WEBcoast Logo

New crawler for TYPO3 CMS

Big TYPO3 sites nowadays mostly use Solr for adding search functionality. To setup Solr and the schema and configuring the crawling it not a really simple task. Additionally Solr uses a huge amount of especially memory.

This is the reason why small and mid-size sites still use indexed_search. Unfortunately until now there haven't been a fully compatible crawler extension for TYPO3 CMS 8. The existing extension crawler, that was used mostly in connection with indexed_search, has only been poorly fixed for CMS 8 and did not work as expected after 2 hours of trying and debugging. Furthermore it seems to me, that it is not really development anymore.

For this reasons I decided to start completely from scratch to approach the topic of crawling in TYPO3 CMS. I was focused on fully compatibility with CMS 8. Moreover it should be easily usable and easy to setup and at the same time give developers enough opportunities to add eventually missing functionality.

The result is the extension versatile_crawler.
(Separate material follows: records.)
(* Let $N$ be a tree-child phylogenetic network such that no two parents of a hybrid node are connected by a path, and let $N'=(V',E')$ be its contracted version. For every $u\in V'$ let $M_u=\{w\in V'\mid C^{(N')}(w)\subsetneq C^{(N')}(u)\}$. Then the maximal elements of $M_u$ with respect to the path ordering on $N'$ are exactly the children of $u$ in $N'$.
   Context: A DAG is labeled in a finite set $S$ if its leaves (out-degree 0) are bijectively labeled by $S$. A tree node has in-degree at most 1; a hybrid node has in-degree greater than 1; a tree child is a child that is a tree node. A tree-child phylogenetic network is a rooted DAG labeled in $S$ in which every non-leaf node has at least one tree child, no tree node has out-degree 1, and every hybrid node has out-degree exactly 1. The condition that no two parents of a hybrid node are connected by a path means: if $u_1,u_2$ are the parents of a hybrid node, there is no path $u_1\rightsquigarrow u_2$ nor $u_2\rightsquigarrow u_1$. The contracted version $N'$ of $N$ is obtained as follows: for every hybrid node $u$ of $N$, with only child $\bar u$ whose children are $\bar u_1,\dots,\bar u_k$, remove $\bar u$ and all arcs incident to it, and add arcs $(u,\bar u_1),\dots,(u,\bar u_k)$; thus $V'$ is the set of nodes of $N$ other than children of hybrid nodes. $C^{(N')}(w)$ is the set of leaves that are descendants of $w$ in $N'$. The path ordering on $N'$ is $x\ge y$ iff there is a path from $x$ to $y$ in $N'$. *)

theory Defs
  imports Main
begin

definition parents :: "('a \<times> 'a) set \<Rightarrow> 'a \<Rightarrow> 'a set" where
  "parents E v = {u. (u, v) \<in> E}"

definition children :: "('a \<times> 'a) set \<Rightarrow> 'a \<Rightarrow> 'a set" where
  "children E u = {v. (u, v) \<in> E}"

definition indeg :: "('a \<times> 'a) set \<Rightarrow> 'a \<Rightarrow> nat" where
  "indeg E v = card (parents E v)"

definition outdeg :: "('a \<times> 'a) set \<Rightarrow> 'a \<Rightarrow> nat" where
  "outdeg E u = card (children E u)"

definition leaves :: "'a set \<Rightarrow> ('a \<times> 'a) set \<Rightarrow> 'a set" where
  "leaves V E = {v \<in> V. outdeg E v = 0}"

definition is_tree_node :: "('a \<times> 'a) set \<Rightarrow> 'a \<Rightarrow> bool" where
  "is_tree_node E v \<longleftrightarrow> indeg E v \<le> 1"

definition is_hybrid :: "('a \<times> 'a) set \<Rightarrow> 'a \<Rightarrow> bool" where
  "is_hybrid E v \<longleftrightarrow> indeg E v > 1"

definition rooted_dag :: "'a set \<Rightarrow> ('a \<times> 'a) set \<Rightarrow> bool" where
  "rooted_dag V E \<longleftrightarrow> finite V \<and> E \<subseteq> V \<times> V \<and> acyclic E \<and>
     (\<exists>r\<in>V. \<forall>v\<in>V. (r, v) \<in> E\<^sup>*)"

definition labeled_in :: "'a set \<Rightarrow> ('a \<times> 'a) set \<Rightarrow> ('a \<Rightarrow> 's) \<Rightarrow> 's set \<Rightarrow> bool" where
  "labeled_in V E lab S \<longleftrightarrow> bij_betw lab (leaves V E) S"

definition tree_child_network ::
  "'a set \<Rightarrow> ('a \<times> 'a) set \<Rightarrow> ('a \<Rightarrow> 's) \<Rightarrow> 's set \<Rightarrow> bool" where
  "tree_child_network V E lab S \<longleftrightarrow>
     rooted_dag V E \<and> labeled_in V E lab S \<and>
     (\<forall>v\<in>V. v \<notin> leaves V E \<longrightarrow> (\<exists>c\<in>children E v. is_tree_node E c)) \<and>
     (\<forall>v\<in>V. is_tree_node E v \<longrightarrow> outdeg E v \<noteq> 1) \<and>
     (\<forall>v\<in>V. is_hybrid E v \<longrightarrow> outdeg E v = 1)"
The name suggest high flexibility. In the first version this means, that it is quite easy to add new crawler types. In the next version it will be possible to extend or replace the current indexer, that is fitted to indexed_search right now, with custom indexers. Thereby it would e.g. be possible to post the data into a Solr index.

The extension can be found in the TER and on Packagist. The source code is hosted on GitHub. There you can also find the Wiki containing the documentation, that will in the future be extended with information for developers on how to extend the extension.
I hope, you find this extension useful and I'm looking forward to get some feedback.